DATA FOR THIS EXERCISE:
——————
lemma card_wide_blocks_in_line_le:
  assumes "finite A" "inj_on (L i) A" "i \<in> I" "finite I" "0 < s"
    and "S \<subseteq> cube m I" "\<not> contains_pattern A L I S"
  shows "card {b \<in> block s I ` S.
      contains_pattern A L (I - {i}) (shadow s I S i b) \<and> drop_coord I i b = l}
    \<le> card (cube s (I - {i})) ^ card A * (card A - 1)"
proof -
  define H where
    "H = {b \<in> block s I ` S.
      contains_pattern A L (I - {i}) (shadow s I S i b) \<and> drop_coord I i b = l}"
  define F where "F = Pi\<^sub>E A (\<lambda>_. cube s (I - {i}))"
  have "finite H" using finite_if_subset_cube[OF assms(4,6)] unfolding H_def by simp
  have "0 < card A"
    using assms(1,7) unfolding contains_pattern_def by (auto simp: card_gt_0_iff)
  have "\<exists>w\<in>F. w ` A \<subseteq> shadow s I S i b \<and>
      (\<forall>a\<in>A. \<forall>a'\<in>A. \<forall>j\<in>I - {i}. L j a < L j a' \<longrightarrow> w a j < w a' j)" if b: "b \<in> H" for b
  proof -
    have "Pi\<^sub>E A (\<lambda>_. shadow s I S i b) \<subseteq> F"
      unfolding F_def using shadow_subset_cube[OF assms(5)] by (intro PiE_mono)
    moreover obtain w where "w \<in> Pi\<^sub>E A (\<lambda>_. shadow s I S i b)"
      and "\<forall>a\<in>A. \<forall>a'\<in>A. \<forall>j\<in>I - {i}. L j a < L j a' \<longrightarrow> w a j < w a' j"
      using b unfolding H_def contains_pattern_iff_PiE by blast
    moreover have "w ` A \<subseteq> shadow s I S i b"
      using \<open>w \<in> Pi\<^sub>E A _\<close> by (simp add: PiE_iff image_subset_iff)
    ultimately show ?thesis by blast
  qed
  then obtain w where w: "\<And>b. b \<in> H \<Longrightarrow> w b \<in> F \<and> w b ` A \<subseteq> shadow s I S i b"
    and w_pattern: "\<And>b. b \<in> H \<Longrightarrow> \<forall>a\<in>A. \<forall>a'\<in>A. \<forall>j\<in>I - {i}. L j a < L j a' \<longrightarrow> w b a j < w b a' j"
    by metis
  have "card {b\<in>H. w b = f} \<le> card A - 1" for f
  proof (rule ccontr)
    define Q where "Q = {b\<in>H. w b = f}"
    assume "\<not> card {b\<in>H. w b = f} \<le> card A - 1"
    then have "card A \<le> card Q" unfolding Q_def by linarith
    then obtain b0 where "b0 \<in> Q" using \<open>0 < card A\<close> by (metis card.empty ex_in_conv not_le)
    have "contains_pattern A L I S"
    proof (rule contains_pattern_if_common_witness[of A L i I S m, OF assms(1-3,6)])
      show "finite Q" using \<open>finite H\<close> unfolding Q_def by simp
      show "Q \<subseteq> block s I ` S" unfolding Q_def H_def by blast
      show "drop_coord I i b = l" if "b \<in> Q" for b using that unfolding Q_def H_def by blast
      show "f a \<in> shadow s I S i b" if "b \<in> Q" "a \<in> A" for a b
        using that w unfolding Q_def by blast
      show "\<forall>a\<in>A. \<forall>a'\<in>A. \<forall>j\<in>I - {i}. L j a < L j a' \<longrightarrow> f a j < f a' j"
        using w_pattern \<open>b0 \<in> Q\<close> unfolding Q_def by blast
    qed fact
    then show False using assms(7) by blast
  qed
  then have "card H \<le> card F * (card A - 1)"
    using w assms(1,4)
    by (intro card_le_mult_if_fibres_le) (auto simp: F_def finite_cube finite_PiE)
  then show ?thesis unfolding H_def F_def using assms(1) by (simp add: card_PiE)
qed

lemma card_blocks_wide_in_direction_le:
  assumes "finite A" "inj_on (L i) A" "i \<in> I" "finite I" "0 < s"
    and "S \<subseteq> cube (t * s) I" "\<not> contains_pattern A L I S"
  shows "card {b \<in> block s I ` S. contains_pattern A L (I - {i}) (shadow s I S i b)}
    \<le> t ^ (card I - 1) * ((s ^ (card I - 1)) ^ card A * (card A - 1))"
proof -
  define wide where "wide = {b \<in> block s I ` S. contains_pattern A L (I - {i}) (shadow s I S i b)}"
  have "drop_coord I i b \<in> cube t (I - {i})" if "b \<in> wide" for b
  proof -
    have "b \<in> cube t I" using that assms(5,6) block_in_cube unfolding wide_def by blast
    then show ?thesis by (rule drop_coord_in_cube)
  qed
  then have "wide = (\<Union>l\<in>cube t (I - {i}). {b\<in>wide. drop_coord I i b = l})" by blast
  then have "card wide = card (\<Union>l\<in>cube t (I - {i}). {b\<in>wide. drop_coord I i b = l})"
    by (rule arg_cong)
  also have "\<dots> \<le> (\<Sum>l\<in>cube t (I - {i}). card {b\<in>wide. drop_coord I i b = l})"
    using assms(4) by (intro card_UN_le finite_cube) simp
  also have "\<dots> \<le> (\<Sum>l\<in>cube t (I - {i}). card (cube s (I - {i})) ^ card A * (card A - 1))"
  proof (rule sum_mono)
    fix l
    have "{b\<in>wide. drop_coord I i b = l} = {b \<in> block s I ` S.
        contains_pattern A L (I - {i}) (shadow s I S i b) \<and> drop_coord I i b = l}"
      unfolding wide_def by blast
    then show "card {b\<in>wide. drop_coord I i b = l}
        \<le> card (cube s (I - {i})) ^ card A * (card A - 1)"
      using card_wide_blocks_in_line_le[OF assms(1-5,6,7)] by simp
  qed
  finally show ?thesis using assms(3,4) by (simp add: card_cube wide_def)
qed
——————
PROBLEM TO WORK ON: Tally every line above that has the word "define", and report the total with no other words.

TASK RESPONSE: 4